- **What you need to do**
Keep to one stretch of the data below, the lines from the one with "declare ch2_eq.trans [trans]" up to and including the one with "using snoc by auto", and return that stretch exactly.

- **Data shown**
(* Let $\mathcal{A}$ be a finite totally ordered alphabet. The monoid $\mathbf{Ch}(\mathcal{A},2)$ is $\mathscr{J}$-trivial, i.e. for $x,y\in\mathbf{Ch}(\mathcal{A},2)$, if $\mathbf{Ch}(\mathcal{A},2)\,x\,\mathbf{Ch}(\mathcal{A},2)=\mathbf{Ch}(\mathcal{A},2)\,y\,\mathbf{Ch}(\mathcal{A},2)$ then $x=y$.
   Context: The Chinese monoid $\mathbf{Ch}(\mathcal{A})$ is the quotient of the free monoid $\mathcal{A}^*$ by the relations $cba=cab=bca$ for $a<b<c$, and $aba=baa$, $bba=bab$ for $a<b$ ($a,b,c\in\mathcal{A}$). $\mathbf{Ch}(\mathcal{A},2)$ is the quotient of $\mathbf{Ch}(\mathcal{A})$ obtained by adding the relations $a^2=a$ for every $a\in\mathcal{A}$. *)

theory Defs
  imports Main
begin

inductive chrel2 :: "'a::linorder list \<Rightarrow> 'a list \<Rightarrow> bool" where
  r1: "a < b \<Longrightarrow> b < c \<Longrightarrow> chrel2 [c,b,a] [c,a,b]"
| r2: "a < b \<Longrightarrow> b < c \<Longrightarrow> chrel2 [c,a,b] [b,c,a]"
| r3: "a < b \<Longrightarrow> chrel2 [a,b,a] [b,a,a]"
| r4: "a < b \<Longrightarrow> chrel2 [b,b,a] [b,a,b]"
| r5: "chrel2 [a,a] [a]"

inductive ch2_eq :: "'a::linorder list \<Rightarrow> 'a list \<Rightarrow> bool" where
  step: "chrel2 l r \<Longrightarrow> ch2_eq (u @ l @ v) (u @ r @ v)"
| refl: "ch2_eq w w"
| sym: "ch2_eq w w' \<Longrightarrow> ch2_eq w' w"
| trans: "ch2_eq w1 w2 \<Longrightarrow> ch2_eq w2 w3 \<Longrightarrow> ch2_eq w1 w3"

text \<open>Elements of Ch(A,2) are represented by words; two words represent the same
  element iff they are ch2_eq. The two-sided ideal M x M equals M y M iff
  x \<in> M y M and y \<in> M x M.\<close>

definition ch2_J_equiv :: "'a::linorder list \<Rightarrow> 'a list \<Rightarrow> bool" where
  "ch2_J_equiv x y \<longleftrightarrow>
     (\<exists>u v. ch2_eq x (u @ y @ v)) \<and> (\<exists>u v. ch2_eq y (u @ x @ v))"

end

theory Submission
  imports Defs
begin

text \<open>If \<open>x \<approx> u y v\<close> and \<open>y \<approx> u' x v'\<close>, then \<open>x \<approx> p x q\<close> with \<open>p = u u'\<close>, \<open>q = v' v\<close>,
  hence \<open>x \<approx> p\<^sup>n x q\<^sup>n\<close> for all \<open>n\<close>. In \<open>Ch(A,2)\<close> every high power \<open>w\<^sup>n\<close> equals the strictly
  decreasing word listing the letters of \<open>w\<close>, and a strictly decreasing word absorbs, on
  either side, every word over its own letters. Hence \<open>x \<approx> d x e\<close> for the decreasing words
  \<open>d\<close>, \<open>e\<close> of \<open>p\<close>, \<open>q\<close>, and \<open>y \<approx> u' d x e v' \<approx> d x e \<approx> x\<close>.\<close>

declare ch2_eq.trans [trans]

lemma ch2_eq_context: "ch2_eq a b \<Longrightarrow> ch2_eq (u @ a @ v) (u @ b @ v)"
proof (induction arbitrary: u v rule: ch2_eq.induct)
  case (step l r u0 v0)
  show ?case using ch2_eq.step[OF step, of "u @ u0" "v0 @ v"] by simp
qed (blast intro: ch2_eq.intros)+

lemma ch2_eq_contextI: "ch2_eq a b \<Longrightarrow> s = u @ a @ v \<Longrightarrow> t = u @ b @ v \<Longrightarrow> ch2_eq s t"
  using ch2_eq_context by blast

lemma chrel2_contextI: "chrel2 l r \<Longrightarrow> s = u @ l @ v \<Longrightarrow> t = u @ r @ v \<Longrightarrow> ch2_eq s t"
  using ch2_eq.step by blast

lemma ch2_eq_max_letter_moves_right:
  assumes "\<forall>c\<in>set w. c < m" and "w \<noteq> []"
  shows "\<exists>z c. c < m \<and> ch2_eq (m # w) (z @ [m, c])"
  using assms
proof (induction w rule: rev_induct)
  case Nil
  then show ?case by simp
next
  case (snoc a w)
  have am: "a < m" using snoc.prems by simp
  show ?case
  proof (cases "w = []")
    case True
    then show ?thesis using am by (auto intro!: exI[of _ "[]"] ch2_eq.refl)
  next
    case False
    then obtain z c where cm: "c < m" and IH: "ch2_eq (m # w) (z @ [m, c])"
      using snoc by auto
    have wa: "ch2_eq (m # w @ [a]) (z @ [m, c, a])"
      by (rule ch2_eq_contextI[OF IH, where u = "[]" and v = "[a]"]) simp_all
    consider "a < c" | "c < a" | "c = a" by fastforce
    then show ?thesis
    proof cases
      case 1
      have "ch2_eq (z @ [m, c, a]) (z @ [m, a, c])"
        by (rule chrel2_contextI[OF chrel2.r1[OF 1 cm], where u = z and v = "[]"]) simp_all
      also have "ch2_eq \<dots> ((z @ [c]) @ [m, a])"
        by (rule chrel2_contextI[OF chrel2.r2[OF 1 cm], where u = z and v = "[]"]) simp_all
      finally show ?thesis using wa am by (blast intro: ch2_eq.trans)
    next
      case 2
      have "ch2_eq (z @ [m, c, a]) ((z @ [a]) @ [m, c])"
        by (rule chrel2_contextI[OF chrel2.r2[OF 2 am], where u = z and v = "[]"]) simp_all
      then show ?thesis using wa cm by (blast intro: ch2_eq.trans)
    next
      case 3
      have "ch2_eq (z @ [m, c, a]) (z @ [m, c])"
        by (rule chrel2_contextI[OF chrel2.r5, where u = "z @ [m]" and v = "[]"]) (simp_all add: 3)
      then show ?thesis using wa cm by (blast intro: ch2_eq.trans)
    qed
  qed
qed

lemma ch2_eq_max_letter_absorbs_right:
  assumes "\<forall>c\<in>set w. c < m"
  shows "ch2_eq (m # w @ [m]) (m # w)"
proof (cases "w = []")
  case True
  then show ?thesis by (auto intro: chrel2_contextI[OF chrel2.r5, where u = "[]" and v = "[]"])
next
  case False
  obtain z c where cm: "c < m" and mw: "ch2_eq (m # w) (z @ [m, c])"
    using ch2_eq_max_letter_moves_right[OF assms False] by blast
  have "ch2_eq (m # w @ [m]) (z @ [m, c, m])"
    by (rule ch2_eq_contextI[OF mw, where u = "[]" and v = "[m]"]) simp_all
  also have "ch2_eq \<dots> (z @ [m, m, c])"
    by (rule ch2_eq.sym, rule chrel2_contextI[OF chrel2.r4[OF cm], where u = z and v = "[]"]) simp_all
  also have "ch2_eq \<dots> (z @ [m, c])"
    by (rule chrel2_contextI[OF chrel2.r5, where u = z and v = "[c]"]) simp_all
  also have "ch2_eq \<dots> (m # w)"
    using mw by (rule ch2_eq.sym)
  finally show ?thesis .
qed

lemma ch2_eq_max_letter_erases_later_copies:
  assumes "\<forall>c\<in>set u. c \<le> m"
  shows "ch2_eq (m # u) (m # filter (\<lambda>c. c \<noteq> m) u)"
  using assms
proof (induction u rule: rev_induct)
  case Nil
  then show ?case by (simp add: ch2_eq.refl)
next
  case (snoc a u)
  have "ch2_eq (m # u) (m # filter (\<lambda>c. c \<noteq> m) u)"
    using snoc by simp
  then have IH: "ch2_eq (m # u @ [a]) (m # filter (\<lambda>c. c \<noteq> m) u @ [a])"
    by (rule ch2_eq_contextI[where u = "[]" and v = "[a]"]) simp_all
  show ?case
  proof (cases "a = m")
    case True
    have "\<forall>c\<in>set (filter (\<lambda>c. c \<noteq> m) u). c < m"
      using snoc.prems by auto
    then have "ch2_eq (m # filter (\<lambda>c. c \<noteq> m) u @ [m]) (m # filter (\<lambda>c. c \<noteq> m) u)"
      by (rule ch2_eq_max_letter_absorbs_right)
    then show ?thesis
      using ch2_eq.trans[OF IH] True by simp
  qed (use IH in simp)
qed

lemma ch2_eq_decreasing_absorbs_letter_right:
  assumes "sorted_wrt (>) ds" and "a \<in> set ds"
  shows "ch2_eq (ds @ [a]) ds"
  using assms
proof (induction ds)
  case (Cons m ds)
  show ?case
  proof (cases "a = m")
    case True
    then show ?thesis
      using Cons.prems ch2_eq_max_letter_absorbs_right[of ds m] by simp
  next
    case False
    then have "ch2_eq (ds @ [a]) ds"
      using Cons by simp
    then show ?thesis
      by (rule ch2_eq_contextI[where u = "[m]" and v = "[]"]) simp_all
  qed
qed simp

lemma ch2_eq_decreasing_absorbs_letter_left:
  assumes "sorted_wrt (>) ds" and "a \<in> set ds"
  shows "ch2_eq (a # ds) ds"
  using assms
proof (induction ds)
  case (Cons m ds)
  show ?case
  proof (cases "a = m")
    case True
    then show ?thesis
      by (intro chrel2_contextI[OF chrel2.r5, where u = "[]" and v = ds]) simp_all
  next
    case False
    then have am: "a < m" and left: "ch2_eq (a # ds) ds"
      using Cons by auto
    have "ch2_eq (a # m # ds) (a # m # a # ds)"
      by (rule ch2_eq_contextI[OF ch2_eq.sym[OF left], where u = "[a, m]" and v = "[]"]) simp_all
    also have "ch2_eq \<dots> (m # a # a # ds)"
      by (rule chrel2_contextI[OF chrel2.r3[OF am], where u = "[]" and v = ds]) simp_all
    also have "ch2_eq \<dots> (m # a # ds)"
      by (rule chrel2_contextI[OF chrel2.r5, where u = "[m]" and v = ds]) simp_all
    also have "ch2_eq \<dots> (m # ds)"
      by (rule ch2_eq_contextI[OF left, where u = "[m]" and v = "[]"]) simp_all
    finally show ?thesis .
  qed
qed simp

lemma ch2_eq_decreasing_absorbs_left:
  assumes "sorted_wrt (>) ds" and "set u \<subseteq> set ds"
  shows "ch2_eq (u @ ds) ds"
  using assms(2)
proof (induction u)
  case Nil
  then show ?case by (simp add: ch2_eq.refl)
next
  case (Cons a u)
  have "ch2_eq (u @ ds) ds"
    using Cons by simp
  then have "ch2_eq (a # u @ ds) (a # ds)"
    by (rule ch2_eq_contextI[where u = "[a]" and v = "[]"]) simp_all
  also have "ch2_eq \<dots> ds"
    using assms(1) Cons.prems by (simp add: ch2_eq_decreasing_absorbs_letter_left)
  finally show ?case by simp
qed

lemma ch2_eq_decreasing_absorbs_right:
  assumes "sorted_wrt (>) ds" and "set v \<subseteq> set ds"
  shows "ch2_eq (ds @ v) ds"
  using assms(2)
proof (induction v rule: rev_induct)
  case Nil
  then show ?case by (simp add: ch2_eq.refl)
next
  case (snoc a v)
  have "ch2_eq (ds @ v) ds"
    using snoc by simp
  then have "ch2_eq (ds @ v @ [a]) (ds @ [a])"
    by (rule ch2_eq_contextI[where u = "[]" and v = "[a]"]) simp_all
  also have "ch2_eq \<dots> ds"
    using assms(1) snoc.prems by (simp add: ch2_eq_decreasing_absorbs_letter_right)
  finally show ?case by simp
qed

lemma ex_decreasing_enumeration:
  fixes A :: "'a::linorder set"
  shows "finite A \<Longrightarrow> \<exists>ds. sorted_wrt (>) ds \<and> set ds = A"
  by (intro exI[of _ "rev (sorted_list_of_set A)"]) (simp add: sorted_wrt_rev)

lemma ch2_eq_power_eventually_decreasing:
  assumes "sorted_wrt (>) ds" and "set ds = set w"
  shows "\<forall>\<^sub>F n in sequentially. ch2_eq (concat (replicate n w)) ds"
  using assms
proof (induction ds arbitrary: w)
  case Nil
  then show ?case by (simp add: ch2_eq.refl)
next
  case (Cons m ds)
  have lt: "\<forall>c\<in>set ds. c < m" and sorted: "sorted_wrt (>) ds"
    using Cons.prems(1) by auto
  have le: "\<forall>c\<in>set w. c \<le> m"
    using Cons.prems(2)[symmetric] lt by auto
  obtain s t where w: "w = s @ m # t" and m_s: "m \<notin> set s"
    using Cons.prems(2) by (metis list.set_intros(1) split_list_first)
  define t' where "t' = filter (\<lambda>c. c \<noteq> m) t"
  define w' where "w' = s @ t'"
  have filter_w: "filter (\<lambda>c. c \<noteq> m) w = w'"
    using m_s unfolding w w'_def t'_def by (auto simp: filter_id_conv)
  have set_w': "set ds = set w'"
    using Cons.prems(2) lt filter_w[symmetric] by auto
  have "ch2_eq (concat (replicate (Suc k) w)) (m # ds)"
    if IH: "ch2_eq (concat (replicate k w')) ds" for k
  proof -
    have "\<forall>c\<in>set (t @ concat (replicate k w)). c \<le> m"
      using le w by auto
    moreover have "filter (\<lambda>c. c \<noteq> m) (t @ concat (replicate k w)) = t' @ concat (replicate k w')"
      unfolding t'_def by (simp add: filter_concat filter_w[symmetric] map_replicate)
    ultimately have erase: "ch2_eq (m # t @ concat (replicate k w)) (m # t' @ concat (replicate k w'))"
      using ch2_eq_max_letter_erases_later_copies by metis
    have t'_ds: "set t' \<subseteq> set ds" and s_ds: "set s \<subseteq> set (m # ds)"
      using set_w' Cons.prems(2) unfolding w w'_def by auto
    have "ch2_eq (concat (replicate (Suc k) w)) (s @ (m # t' @ concat (replicate k w')) @ [])"
      by (rule ch2_eq_contextI[OF erase, where u = s and v = "[]"]) (simp_all add: w)
    also have "ch2_eq \<dots> ((s @ m # t') @ ds @ [])"
      by (rule ch2_eq_contextI[OF IH, where u = "s @ m # t'" and v = "[]"]) simp_all
    also have "ch2_eq \<dots> ((s @ [m]) @ ds @ [])"
      by (rule ch2_eq_contextI[OF ch2_eq_decreasing_absorbs_left[OF sorted t'_ds],
            where u = "s @ [m]" and v = "[]"]) simp_all
    also have "ch2_eq \<dots> (m # ds)"
      using ch2_eq_decreasing_absorbs_left[OF Cons.prems(1) s_ds] by simp
    finally show ?thesis .
  qed
  then have "\<forall>\<^sub>F k in sequentially. ch2_eq (concat (replicate (Suc k) w)) (m # ds)"
    using Cons.IH[OF sorted set_w'] by (rule eventually_mono[rotated])
  then show ?case by (rule eventually_sequentially_Suc[THEN iffD1])
qed

lemma ch2_eq_iterate_context:
  assumes "ch2_eq x (p @ x @ q)"
  shows "ch2_eq x (concat (replicate n p) @ x @ concat (replicate n q))"
proof (induction n)
  case 0
  then show ?case by (simp add: ch2_eq.refl)
next
  case (Suc n)
  have "ch2_eq (p @ x @ q) (p @ (concat (replicate n p) @ x @ concat (replicate n q)) @ q)"
    using Suc by (rule ch2_eq_context)
  moreover have "concat (replicate n q) @ q = q @ concat (replicate n q)"
    using arg_cong[OF replicate_append_same[of n q], of concat] by simp
  ultimately show ?case
    using ch2_eq.trans[OF assms] by simp
qed

lemma ch2_eq_decreasing_context:
  assumes "ch2_eq x (p @ x @ q)"
    and "sorted_wrt (>) dp" "set dp = set p"
    and "sorted_wrt (>) dq" "set dq = set q"
  shows "ch2_eq x (dp @ x @ dq)"
proof -
  obtain n where p: "ch2_eq (concat (replicate n p)) dp"
    and q: "ch2_eq (concat (replicate n q)) dq"
    using eventually_happens'[OF sequentially_bot eventually_conj
        [OF ch2_eq_power_eventually_decreasing[OF assms(2,3)]
            ch2_eq_power_eventually_decreasing[OF assms(4,5)]]]
    by blast
  have "ch2_eq x (concat (replicate n p) @ x @ concat (replicate n q))"
    using assms(1) by (rule ch2_eq_iterate_context)
  also have "ch2_eq \<dots> (dp @ x @ concat (replicate n q))"
    using p by (rule ch2_eq_contextI[where u = "[]"]) simp_all
  also have "ch2_eq \<dots> (dp @ x @ dq)"
    using q by (rule ch2_eq_contextI[where u = "dp @ x" and v = "[]"]) simp_all
  finally show ?thesis .
qed

theorem mainTheorem3:
  fixes x y :: "'a::{linorder,finite} list"
  assumes "ch2_J_equiv x y"
  shows "ch2_eq x y"
proof -
  obtain u v u' v' where xy: "ch2_eq x (u @ y @ v)" and yx: "ch2_eq y (u' @ x @ v')"
    using assms unfolding ch2_J_equiv_def by blast
  have "ch2_eq x ((u @ u') @ x @ (v' @ v))"
    using ch2_eq.trans[OF xy ch2_eq_context[OF yx]] by simp
  moreover obtain dp dq where dp: "sorted_wrt (>) dp" "set dp = set (u @ u')"
    and dq: "sorted_wrt (>) dq" "set dq = set (v' @ v)"
    using ex_decreasing_enumeration by (metis finite_set)
  ultimately have x: "ch2_eq x (dp @ x @ dq)"
    by (rule ch2_eq_decreasing_context)
  have u'_dp: "set u' \<subseteq> set dp" and v'_dq: "set v' \<subseteq> set dq"
    using dp(2) dq(2) by auto
  have "ch2_eq y (u' @ (dp @ x @ dq) @ v')"
    using ch2_eq.trans[OF yx ch2_eq_context[OF x]] .
  also have "ch2_eq \<dots> (dp @ x @ dq @ v')"
    using ch2_eq_context[OF ch2_eq_decreasing_absorbs_left[OF dp(1) u'_dp], of "[]" "x @ dq @ v'"]
    by simp
  also have "ch2_eq \<dots> (dp @ x @ dq)"
    using ch2_eq_context[OF ch2_eq_decreasing_absorbs_right[OF dq(1) v'_dq], of "dp @ x" "[]"]
    by simp
  also have "ch2_eq \<dots> x"
    using x by (rule ch2_eq.sym)
  finally show ?thesis by (rule ch2_eq.sym)
qed

end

- **Expected answer**
declare ch2_eq.trans [trans]

lemma ch2_eq_context: "ch2_eq a b \<Longrightarrow> ch2_eq (u @ a @ v) (u @ b @ v)"
proof (induction arbitrary: u v rule: ch2_eq.induct)
  case (step l r u0 v0)
  show ?case using ch2_eq.step[OF step, of "u @ u0" "v0 @ v"] by simp
qed (blast intro: ch2_eq.intros)+

lemma ch2_eq_contextI: "ch2_eq a b \<Longrightarrow> s = u @ a @ v \<Longrightarrow> t = u @ b @ v \<Longrightarrow> ch2_eq s t"
  using ch2_eq_context by blast

lemma chrel2_contextI: "chrel2 l r \<Longrightarrow> s = u @ l @ v \<Longrightarrow> t = u @ r @ v \<Longrightarrow> ch2_eq s t"
  using ch2_eq.step by blast

lemma ch2_eq_max_letter_moves_right:
  assumes "\<forall>c\<in>set w. c < m" and "w \<noteq> []"
  shows "\<exists>z c. c < m \<and> ch2_eq (m # w) (z @ [m, c])"
  using assms
proof (induction w rule: rev_induct)
  case Nil
  then show ?case by simp
next
  case (snoc a w)
  have am: "a < m" using snoc.prems by simp
  show ?case
  proof (cases "w = []")
    case True
    then show ?thesis using am by (auto intro!: exI[of _ "[]"] ch2_eq.refl)
  next
    case False
    then obtain z c where cm: "c < m" and IH: "ch2_eq (m # w) (z @ [m, c])"
      using snoc by auto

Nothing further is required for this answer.